The model is built for a ground-up apartment development project, covering the full lifecycle from land acquisition through construction, lease-up, stabilization, and final exit. It accommodates complex capital structures with senior debt, mezzanine financing, and multiple equity tranches—ideal for deals involving joint ventures or institutional investors. The total investment is estimated at an order-of-magnitude level: users input their own cost assumptions, and the model automatically calculates the full capital stack and draw schedule.
Unlike generic real estate pro-forma templates, this model dynamically simulates phased unit delivery and lease-up absorption curves, accounting for concessions, seasonal patterns, and tenant improvement allowances.
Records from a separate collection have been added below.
lemma Phi_qclass:
  assumes U: "ultrafilter_on I U" and g: "lbounded I g"
  shows "Phi I U (qclass I U g) = hatclass I U g"
proof -
  have "g \<in> qclass I U g" unfolding qclass_def using g cU_zero[OF U] by simp
  then have "(SOME h. h \<in> qclass I U g) \<in> qclass I U g"
    by (rule someI[where P = "\<lambda>h. h \<in> qclass I U g"])
  then have "cU I U (\<lambda>i. (SOME h. h \<in> qclass I U g) i - g i)"
    unfolding qclass_def by blast
  then show ?thesis
    unfolding Phi_def by (intro hatclass_eq[OF U] cU_imp_ns_infinitesimal[OF U])
qed

lemma Emax_hat_eq_lbounded:
  assumes U: "ultrafilter_on I U"
  shows "Emax_hat I U T = {hatclass I U g | g. lbounded I g \<and> orbit_S_continuous I U T g}"
proof (intro equalityI subsetI)
  fix x assume "x \<in> Emax_hat I U T"
  then obtain f where x: "x = hatclass I U f" and "ns_finite I U f" "orbit_S_continuous I U T f"
    unfolding Emax_hat_def Emax_eq by blast
  moreover obtain g where "lbounded I g" and "{i\<in>I. f i = g i} \<in> U"
    using ns_finite_obtain_lbounded[OF U \<open>ns_finite I U f\<close>] by blast
  ultimately show "x \<in> {hatclass I U g | g. lbounded I g \<and> orbit_S_continuous I U T g}"
    using hatclass_eq[OF U ns_infinitesimal_if_eq_on_U[OF U]] orbit_S_continuous_cong[OF U]
    by blast
next
  fix x assume "x \<in> {hatclass I U g | g. lbounded I g \<and> orbit_S_continuous I U T g}"
  then show "x \<in> Emax_hat I U T"
    unfolding Emax_hat_def Emax_eq using lbounded_imp_ns_finite[OF U] by blast
qed

theorem mainTheorem9:
  fixes T :: "real \<Rightarrow> 'e::banach \<Rightarrow> 'e"
    and I :: "'i set" and U :: "'i set set"
  assumes "sc_semigroup T"
    and "ultrafilter_on I U"
    and "countably_incomplete U"
  shows "Emax_hat I U T =
    Phi I U ` {qclass I U g | g. lbounded I g \<and>
       ((\<lambda>t. qnorm I U (\<lambda>i. T t (g i) - g i)) \<longlongrightarrow> 0) (at_right 0)}"
proof -
  have T: "\<And>t. t > 0 \<Longrightarrow> bounded_linear (T t)"
    using assms(1) unfolding sc_semigroup_def by simp
  have "Phi I U ` {qclass I U g | g. lbounded I g \<and>
       ((\<lambda>t. qnorm I U (\<lambda>i. T t (g i) - g i)) \<longlongrightarrow> 0) (at_right 0)}
    = {hatclass I U g | g. lbounded I g \<and> orbit_S_continuous I U T g}"
    using Phi_qclass[OF assms(2)] tendsto_qnorm_orbit_iff[OF T assms(2)] by fastforce
  then show ?thesis using Emax_hat_eq_lbounded[OF assms(2)] by simp
qed

end
lemma sum_if_less_restrict:
  assumes "n \<le> (L::nat)"
  shows "(\<Sum>k<L. if k < n then g k else 0) = (\<Sum>k<n. g k :: 'a::comm_monoid_add)"
proof -
  have "(\<Sum>k<L. if k < n then g k else 0) = sum g {k\<in>{..<L}. k < n}"
    by (simp only: sum.inter_filter[OF finite_lessThan])
  also have "{k\<in>{..<L}. k < n} = {..<n}" using assms by auto
  finally show ?thesis .
qed

lemma dibar_prefix: "n \<le> length w \<Longrightarrow> (\<Sum>i<n. f (take n w, i)) = dibar f (take n w)"
  by (simp add: dibar_def min_absorb2)

lemma dibar_suffix: "(\<Sum>j<length w - n. f (drop n w, j)) = dibar f (drop n w)"
  by (simp add: dibar_def)

lemma dibar_di_vdash: "dibar (di_vdash a b) = as_mult (dibar a) (dibar b)"
proof
  fix w :: "'a list"
  let ?L = "length w"
  have "dibar (di_vdash a b) w = (\<Sum>n\<le>?L. \<Sum>k<?L.
      if n \<le> k then (\<Sum>i<n. a (take n w, i)) * b (drop n w, k - n) else 0)"
    unfolding dibar_def di_vdash_def by (subst sum.swap) (auto intro!: sum.cong)
  also have "\<dots> = (\<Sum>n\<le>?L. (\<Sum>i<n. a (take n w, i)) *
      (\<Sum>k<?L. if n \<le> k then b (drop n w, k - n) else 0))"
    by (auto simp: sum_distrib_left if_distrib intro!: sum.cong)
  also have "\<dots> = (\<Sum>n\<le>?L. (\<Sum>i<n. a (take n w, i)) * (\<Sum>j<?L - n. b (drop n w, j)))"
    by (intro sum.cong refl arg_cong[where f = "(*) _"] sum_if_le_shift)
  also have "\<dots> = as_mult (dibar a) (dibar b) w"
    by (simp add: as_mult_def dibar_prefix dibar_suffix)
  finally show "dibar (di_vdash a b) w = as_mult (dibar a) (dibar b) w" .
qed

lemma dibar_di_dashv: "dibar (di_dashv a b) = as_mult (dibar a) (dibar b)"
proof
  fix w :: "'a list"
  let ?L = "length w"
  have "dibar (di_dashv a b) w = (\<Sum>n\<le>?L. \<Sum>k<?L.
      if k < n then a (take n w, k) * (\<Sum>j<?L - n. b (drop n w, j)) else 0)"
    unfolding dibar_def di_dashv_def by (subst sum.swap) simp
  also have "\<dots> = (\<Sum>n\<le>?L. (\<Sum>k<n. a (take n w, k)) * (\<Sum>j<?L - n. b (drop n w, j)))"
    by (auto simp: sum_if_less_restrict sum_distrib_right intro!: sum.cong)
  also have "\<dots> = as_mult (dibar a) (dibar b) w"
    by (simp add: as_mult_def dibar_prefix dibar_suffix)
  finally show "dibar (di_dashv a b) w = as_mult (dibar a) (dibar b) w" .
qed

lemma dibar_di_add: "dibar (di_add a b) = as_add (dibar a) (dibar b)"
  by (auto simp: dibar_def di_add_def as_add_def sum.distrib)

lemma dibar_di_smult: "dibar (di_smult c a) = as_smult c (dibar a)"
  by (auto simp: dibar_def di_smult_def as_smult_def sum_distrib_left)

lemma dibar_di_vdash_plus: "dibar (di_vdash_plus a b) = as_jordan (dibar a) (dibar b)"
  by (simp add: di_vdash_plus_def as_jordan_def dibar_di_add dibar_di_smult dibar_di_vdash
      dibar_di_dashv)

lemma dibar_di_dashv_plus: "dibar (di_dashv_plus a b) = as_jordan (dibar a) (dibar b)"
  by (simp add: di_dashv_plus_def as_jordan_def dibar_di_add dibar_di_smult dibar_di_vdash
      dibar_di_dashv as_add_def add.commute)

lemma dibar_di_letter: "dibar (di_letter x) = as_letter x"
  by (auto simp: dibar_def di_letter_def as_letter_def)

lemma dibar_zero: "dibar (\<lambda>p. 0) = (\<lambda>w. 0)"
  by (simp add: dibar_def)

lemma dibar_mem_SJ: "f \<in> DiSJ X \<Longrightarrow> dibar f \<in> SJ X"
  by (induction rule: DiSJ.induct)
    (simp_all add: dibar_di_letter dibar_zero dibar_di_add dibar_di_smult dibar_di_vdash_plus
      dibar_di_dashv_plus SJ.intros)

definition dot_z :: "'x \<Rightarrow> ('x, 'k::field) as_elem \<Rightarrow> ('x, 'k) dias_elem" where
  "dot_z z a = (\<lambda>(w, k). if occurs_once_at z w k then a w else 0)"

definition z_free_part :: "'x \<Rightarrow> ('x, 'k::field) as_elem \<Rightarrow> ('x, 'k) as_elem" where
  "z_free_part z a = (\<lambda>w. if z \<in> set w then 0 else a w)"
lemma x_straight_unique_neighbour:
  assumes wide: "r j = Suc (l j)" "r (Suc j) = Suc (l (Suc j))" "r (Suc (Suc j)) = Suc (l (Suc (Suc j)))"
    and steps: "r (Suc j) = Suc (r j)" "r (Suc (Suc j)) = Suc (Suc (r j))"
    and u: "u \<in> nodes" "node_height u = Suc j"
  shows "{v \<in> nodes. node_height v = j \<and> node_le v u} \<subseteq> {right_node j} \<or>
    {z \<in> nodes. node_height z = Suc (Suc j) \<and> node_le u z} \<subseteq> {left_node (Suc (Suc j))}"
proof (cases "u = left_node (Suc j)")
  case True
  have "z = left_node (Suc (Suc j))" if "z \<in> nodes" "node_height z = Suc (Suc j)" "node_le u z" for z
    using nodes_at_level[OF that(1,2)] that(3) True steps wide r_le[of j] by auto
  then show ?thesis by blast
next
  case False
  have "v = right_node j" if "v \<in> nodes" "node_height v = j" "node_le v u" for v
    using nodes_at_level[OF that(1,2)] that(3) nodes_at_level[OF u] False steps wide r_le[of j] by auto
  then show ?thesis by blast
qed

lemma y_straight_unique_neighbour:
  assumes wide: "r j = Suc (l j)" "r (Suc j) = Suc (l (Suc j))" "r (Suc (Suc j)) = Suc (l (Suc (Suc j)))"
    and steps: "r (Suc j) = r j" "r (Suc (Suc j)) = r j"
    and u: "u \<in> nodes" "node_height u = Suc j"
  shows "{v \<in> nodes. node_height v = j \<and> node_le v u} \<subseteq> {left_node j} \<or>
    {z \<in> nodes. node_height z = Suc (Suc j) \<and> node_le u z} \<subseteq> {right_node (Suc (Suc j))}"
proof (cases "u = right_node (Suc j)")
  case True
  have "z = right_node (Suc (Suc j))" if "z \<in> nodes" "node_height z = Suc (Suc j)" "node_le u z" for z
    using nodes_at_level[OF that(1,2)] that(3) True steps wide r_le[of j] by auto
  then show ?thesis by blast
next
  case False
  have "v = left_node j" if "v \<in> nodes" "node_height v = j" "node_le v u" for v
    using nodes_at_level[OF that(1,2)] that(3) nodes_at_level[OF u] False steps wide r_le[of j] by auto
  then show ?thesis by blast
qed
(* Let $I$ be a finite tree and let $\Sigma$ be a morphism of $R_0(I)$ from an orientation $\Gamma$ to itself which is not the identity. Then every reduced expression for $\Sigma$ contains $\Sigma_i$ for every vertex $i\in I$.
   Context: Let $I$ be a finite tree. $\mathrm{Quiv}(I)$ is the set of orientations of $I$. For $\Gamma\in\mathrm{Quiv}(I)$ and a source or sink $i$ of $\Gamma$, $s_i\Gamma$ is the orientation obtained by reversing all arrows at $i$. The groupoid $R_0(I)$ has object set $\mathrm{Quiv}(I)$ and is generated by elementary isomorphisms $\Sigma_i:\Gamma\to s_i\Gamma$ (for each $\Gamma$ and each source or sink $i$ of $\Gamma$) subject to the relations, whenever both sides are defined: (R1) $\Sigma_i^2=1$; (R2) $\Sigma_i\Sigma_j=\Sigma_j\Sigma_i$ when $i,j$ are not adjacent. An expression for a morphism $\Sigma$ is a composable word $\Sigma_{i_1}\cdots\Sigma_{i_r}$ equal to $\Sigma$; $\ell(\Sigma)$ is the minimal length of an expression, and an expression of length $\ell(\Sigma)$ is called reduced. *)

theory Defs
  imports Main
begin

definition is_cycle :: "('a \<times> 'a) set \<Rightarrow> 'a list \<Rightarrow> bool" where
  "is_cycle E vs \<longleftrightarrow> length vs \<ge> 3 \<and> distinct vs \<and>
     (\<forall>k < length vs - 1. (vs ! k, vs ! Suc k) \<in> E) \<and> (last vs, hd vs) \<in> E"

definition is_tree :: "'a set \<Rightarrow> ('a \<times> 'a) set \<Rightarrow> bool" where
  "is_tree V E \<longleftrightarrow> finite V \<and> V \<noteq> {} \<and> E \<subseteq> V \<times> V \<and> sym E \<and> irrefl E \<and>
     (\<forall>x\<in>V. \<forall>y\<in>V. (x, y) \<in> E\<^sup>*) \<and> (\<nexists>vs. is_cycle E vs)"

definition is_orientation :: "('a \<times> 'a) set \<Rightarrow> ('a \<times> 'a) set \<Rightarrow> bool" where
  "is_orientation E \<Gamma> \<longleftrightarrow> \<Gamma> \<subseteq> E \<and> (\<forall>(i, j)\<in>E. (i, j) \<in> \<Gamma> \<or> (j, i) \<in> \<Gamma>) \<and>
     (\<forall>(i, j)\<in>\<Gamma>. (j, i) \<notin> \<Gamma>)"

definition is_source :: "('a \<times> 'a) set \<Rightarrow> 'a \<Rightarrow> bool" where
  "is_source \<Gamma> i \<longleftrightarrow> (\<forall>j. (j, i) \<notin> \<Gamma>)"

definition is_sink :: "('a \<times> 'a) set \<Rightarrow> 'a \<Rightarrow> bool" where
  "is_sink \<Gamma> i \<longleftrightarrow> (\<forall>j. (i, j) \<notin> \<Gamma>)"

definition reflect :: "'a \<Rightarrow> ('a \<times> 'a) set \<Rightarrow> ('a \<times> 'a) set" where
  "reflect i \<Gamma> = {(a, b). (a, b) \<in> \<Gamma> \<and> a \<noteq> i \<and> b \<noteq> i} \<union>
                  {(b, a) | a b. (a, b) \<in> \<Gamma> \<and> (a = i \<or> b = i)}"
The revenue build-up is granular, allowing per-unit-type rent schedules, vacancy loss, and operational expense escalations tied to CPI or custom indices. The stabilized net operating income (NOI) feeds into both a discounted cash flow valuation and an exit cap-rate analysis, with refinancing logic that tests multiple loan-to-value and debt service coverage constraints.
Advanced sensitivity and scenario planning capabilities let users stress-test assumptions such as construction cost overruns, delays in lease-up, interest rate fluctuations, and exit cap rate compression. Outputs include project-level and equity-level internal rate of return (IRR), net present value (NPV), equity multiple, and cash-on-cash yields, providing a comprehensive view of risk-adjusted returns. The model is designed to be audit-friendly, with clear color coding, dedicated assumptions tabs, and error-checking warnings throughout.